Something for a Mid-Life or Market Crisis

Investing isn’t hard science.

According to Tadas Viskanta,“The first law of finance is that there are no laws.”

Part of what determines investing success is influenced by forces beyond our control.

Nick Maggiulli, stated, “You need to be in the right place at the right time.”

J. Paul Getty agreed: “My formula for success is rise early, work late, and strike oil.”

What should we do?

The answer lies in a formula in Jonathan Rauch’s brilliant book, The Happiness Curve.  “In mid-life years of cumulative disappointment about past years, life satisfaction combines with declining optimism about future life satisfaction to produce a nasty feedback loop.”

H = S+C+V+T

H = Enduring level of happiness

S = Emotional set point

C = Life’s circumstances

V = Factors under voluntary control

T = Time

Mid-life is when happiness bottoms out.

Investors pay heed.

Emotional Set Point is when we reach our goals and are inexplicably miserable.

According to Psychologist Jonathan Haidt,”Our inner incentive system rewards us with immediate but short-lived bursts of satisfaction for making progress toward a goal. Whereas actual arrival delivers fleeting pleasure but soon becomes the new baseline.”
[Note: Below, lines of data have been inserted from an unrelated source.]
lemma interaction_pointwise_le:
  fixes n S A B d g :: real
  assumes "0 < n" "0 \<le> S" "S \<le> A" "S \<le> B" "0 \<le> d" "g \<le> A" "g \<le> B"
    and "n * d \<le> (sqrt A + sqrt B)\<^sup>2"
  shows "d * g \<le> S * d + 4 * (A / n) * (B - S)"
proof -
  have "n * (d * g) - n * S * d \<le> (n * d) * (min A B - S)"
    using assms mult_left_mono[of g "min A B" "n * d"] by (simp add: algebra_simps)
  also have "\<dots> \<le> (sqrt A + sqrt B)\<^sup>2 * (min A B - S)"
    using assms by (intro mult_right_mono) auto
  also have "\<dots> \<le> 4 * A * (B - S)"
    using sq_add_mult_min_sq_diff_le[of "sqrt S" "sqrt A" "sqrt B"] assms by simp
  finally have "n * (d * g) \<le> n * S * d + 4 * A * (B - S)"
    by simp
  then show ?thesis
    using assms(1) by (simp add: field_simps)
qed

lemma cluster_interaction_le:
  fixes P C :: "'a::euclidean_space set"
  assumes P: "finite P" and C: "finite C" "C \<noteq> {}"
  shows "(\<Sum>x\<in>P. pcost x C * (\<Sum>y\<in>P. min (pcost y C) ((norm (y - x))\<^sup>2)))
           \<le> 5 * (\<Sum>y\<in>P. (norm (y - c))\<^sup>2) * setcost P C"
proof (cases "P = {}")
  case True
  then show ?thesis by simp
next
  case False
  define n where "n = real (card P)"
  define \<mu> where "\<mu> = (1 / real (card P)) *\<^sub>R \<Sum>P"
  define S where "S = (\<Sum>z\<in>P. (norm (z - \<mu>))\<^sup>2)"
  define A where "A = setcost P C"
  define B where "B x = (\<Sum>z\<in>P. (norm (x - z))\<^sup>2)" for x
  define d where "d x = pcost x C" for x
  define g where "g x = (\<Sum>y\<in>P. min (d y) ((norm (y - x))\<^sup>2))" for x
  have n: "0 < n"
    using P False by (simp add: n_def card_gt_0_iff)
  have d: "0 \<le> d x" for x
    using pcost_nonneg[OF C] by (simp add: d_def)
  have A: "0 \<le> A"
    unfolding A_def by (rule setcost_nonneg[OF C])
  have S: "0 \<le> S"
    unfolding S_def by (simp add: sum_nonneg)
  have B_centroid: "B x = n * (norm (x - \<mu>))\<^sup>2 + S" for x
    unfolding B_def S_def n_def \<mu>_def by (rule sum_sq_dist_centroid[OF P False])
  then have S_le_B: "S \<le> B x" for x
    using n by simp
  have sum_B: "(\<Sum>x\<in>P. B x) = 2 * n * S"
    by (simp add: B_centroid sum.distrib sum_distrib_left[symmetric] S_def n_def)
  have sum_d: "(\<Sum>x\<in>P. d x) = A"
    by (simp add: A_def setcost_def d_def)
  have g_le_A: "g x \<le> A" for x
    unfolding g_def A_def setcost_def d_def by (intro sum_mono) simp
  have g_le_B: "g x \<le> B x" for x
    unfolding g_def B_def by (intro sum_mono) (simp add: norm_minus_commute)
  have "(\<Sum>x\<in>P. d x * g x) \<le> 5 * S * A"
  proof (cases "S \<le> A")
    case True
    have "d x * g x \<le> S * d x + 4 * (A / n) * (B x - S)" for x
      by (rule interaction_pointwise_le[OF n S True S_le_B d g_le_A g_le_B])
        (unfold n_def d_def A_def B_def, rule card_mult_pcost_le[OF C])
    then have "(\<Sum>x\<in>P. d x * g x) \<le> (\<Sum>x\<in>P. S * d x + 4 * (A / n) * (B x - S))"
      by (intro sum_mono)
    also have "\<dots> = S * (\<Sum>x\<in>P. d x) + 4 * (A / n) * (\<Sum>x\<in>P. B x - S)"
      by (simp only: sum.distrib sum_distrib_left)
    also have "\<dots> = S * A + 4 * (A / n) * ((\<Sum>x\<in>P. B x) - n * S)"
      by (simp add: sum_d sum_subtractf n_def)
    also have "\<dots> = 5 * S * A"
      using n by (simp add: sum_B field_simps)
    finally show ?thesis .
  next
    case False
    have "(\<Sum>x\<in>P. d x * g x) \<le> (\<Sum>x\<in>P. d x * A)"
      by (intro sum_mono mult_left_mono g_le_A d)
    also have "\<dots> = A * A"
      by (simp add: sum_distrib_right[symmetric] sum_d)
    also have "\<dots> \<le> 5 * S * A"
      using False A by (simp add: mult_right_mono)
    finally show ?thesis .
  qed
  also have "\<dots> \<le> 5 * (\<Sum>y\<in>P. (norm (y - c))\<^sup>2) * A"
    using S_le_B[of c] A by (simp add: B_def norm_minus_commute mult_right_mono)
  finally show ?thesis
    unfolding d_def g_def A_def .
qed
(* Let $\mathscr{H}$ be a complex Hilbert space and let $N(\cdot)$ be a norm on $\mathbb{B}(\mathscr{H})$ which is an algebra norm ($N(XY)\leq N(X)N(Y)$ for all $X,Y$) and self-adjoint ($N(X^* )=N(X)$ for all $X$). Then for every $T\in\mathbb{B}(\mathscr{H})$, $$\frac1{16}N(T^*T+TT^* )+\frac12 w_N(T)\,|N(\Re T)-N(\Im T)|\leq w_N^2(T).$$
   Context: For $T\in\mathbb{B}(\mathscr{H})$: $\Re(T)=\frac12(T+T^* )$, $\Im(T)=\frac1{2i}(T-T^* )$, and $w_N(T)=\sup_{\theta\in\mathbb{R}}N(\Re(e^{i\theta}T))$. *)

theory Defs
  imports "HOL-Analysis.Analysis"
begin

text \<open>The inner product is conjugate-linear in the first and linear in the second argument;
  the norm is the one induced by the inner product and the real scalar multiplication
  is the restriction of the complex one. A complex Hilbert space is a type of class
  complex_inner that is also complete_space.\<close>

class complex_inner = real_normed_vector +
  fixes scaleC :: "complex \<Rightarrow> 'a \<Rightarrow> 'a"
    and cinner :: "'a \<Rightarrow> 'a \<Rightarrow> complex"
  assumes scaleC_add_right: "scaleC a (x + y) = scaleC a x + scaleC a y"
    and scaleC_add_left: "scaleC (a + b) x = scaleC a x + scaleC b x"
    and scaleC_scaleC: "scaleC a (scaleC b x) = scaleC (a * b) x"
    and scaleC_one: "scaleC 1 x = x"
    and scaleR_scaleC: "scaleR r x = scaleC (complex_of_real r) x"
    and cinner_conj: "cinner x y = cnj (cinner y x)"
    and cinner_add_right: "cinner x (y + z) = cinner x y + cinner x z"
    and cinner_scaleC_right: "cinner x (scaleC a y) = a * cinner x y"
    and cinner_self_real: "Im (cinner x x) = 0"
    and cinner_self_nonneg: "0 \<le> Re (cinner x x)"
    and cinner_self_eq_zero: "cinner x x = 0 \<longleftrightarrow> x = 0"
    and norm_cinner: "norm x = sqrt (Re (cinner x x))"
Now what? This becomes an overriding unhealthy preoccupation. Think of unfortunate extremes like Anthony Bourdain and Kate Spade.

We become trapped on a Hedonic treadmill. A way to avoid this is to focus on process, not outcomes.  The investment journey is most important. Trying to time or beat the market subtracts from the happiness formula.

Who cares if you kill the S&P but are miserable in the process?

Social comparison is a bitch.

The only benchmark worth worrying about is: Will I be okay?

Factors Under Voluntary Control. A key to investor happiness is NOT stressing about things we can’t change. Trying to guess which asset class outperforms annually is a waste of time. Targeting things like fees, savings rates, and diversification provide the most satisfaction in the long run.

Don’t Overdo It. Worshipping at the temple of the narcissism of small differences isn’t a good look. Stressing yourself to save two basis points on an index fund isn’t time well spent.

Time. Time is a Baby Boomer’s temporary enemy but an investor’s best friend.  Rauch states, “Waiting is not a passive strategy. It’s not doing nothing. Waiting is a way of working with time and letting time work for us. Patience is not the whole answer for almost anyone but it is a part of the answer for almost anyone.”  Few describe compound interest any better.

Life’s Circumstances. We cannot control market circumstances; we can control our attitude towards them.  Josh Brown once said, “Fate is the cards you are dealt, destiny is how you play them.” Investors need to live in the present and realize that bull and bear markets aren’t permanent fixtures. The Market Gods owe you nothing.

Embrace the hard times. This is where you will learn the most.

Pain + Reflection = Progress (Ray Dalio)

“Disappointment about the past and pessimism about the future squeeze out fulfillment in the present.” Rauch is discussing middle-age angst, but could easily be describing an investor’s psyche.

Cheer up!

The happiness curve is on your side. The best years of your life and portfolio may lie in the decades ahead.

Remember that during your next mid-life or market crisis.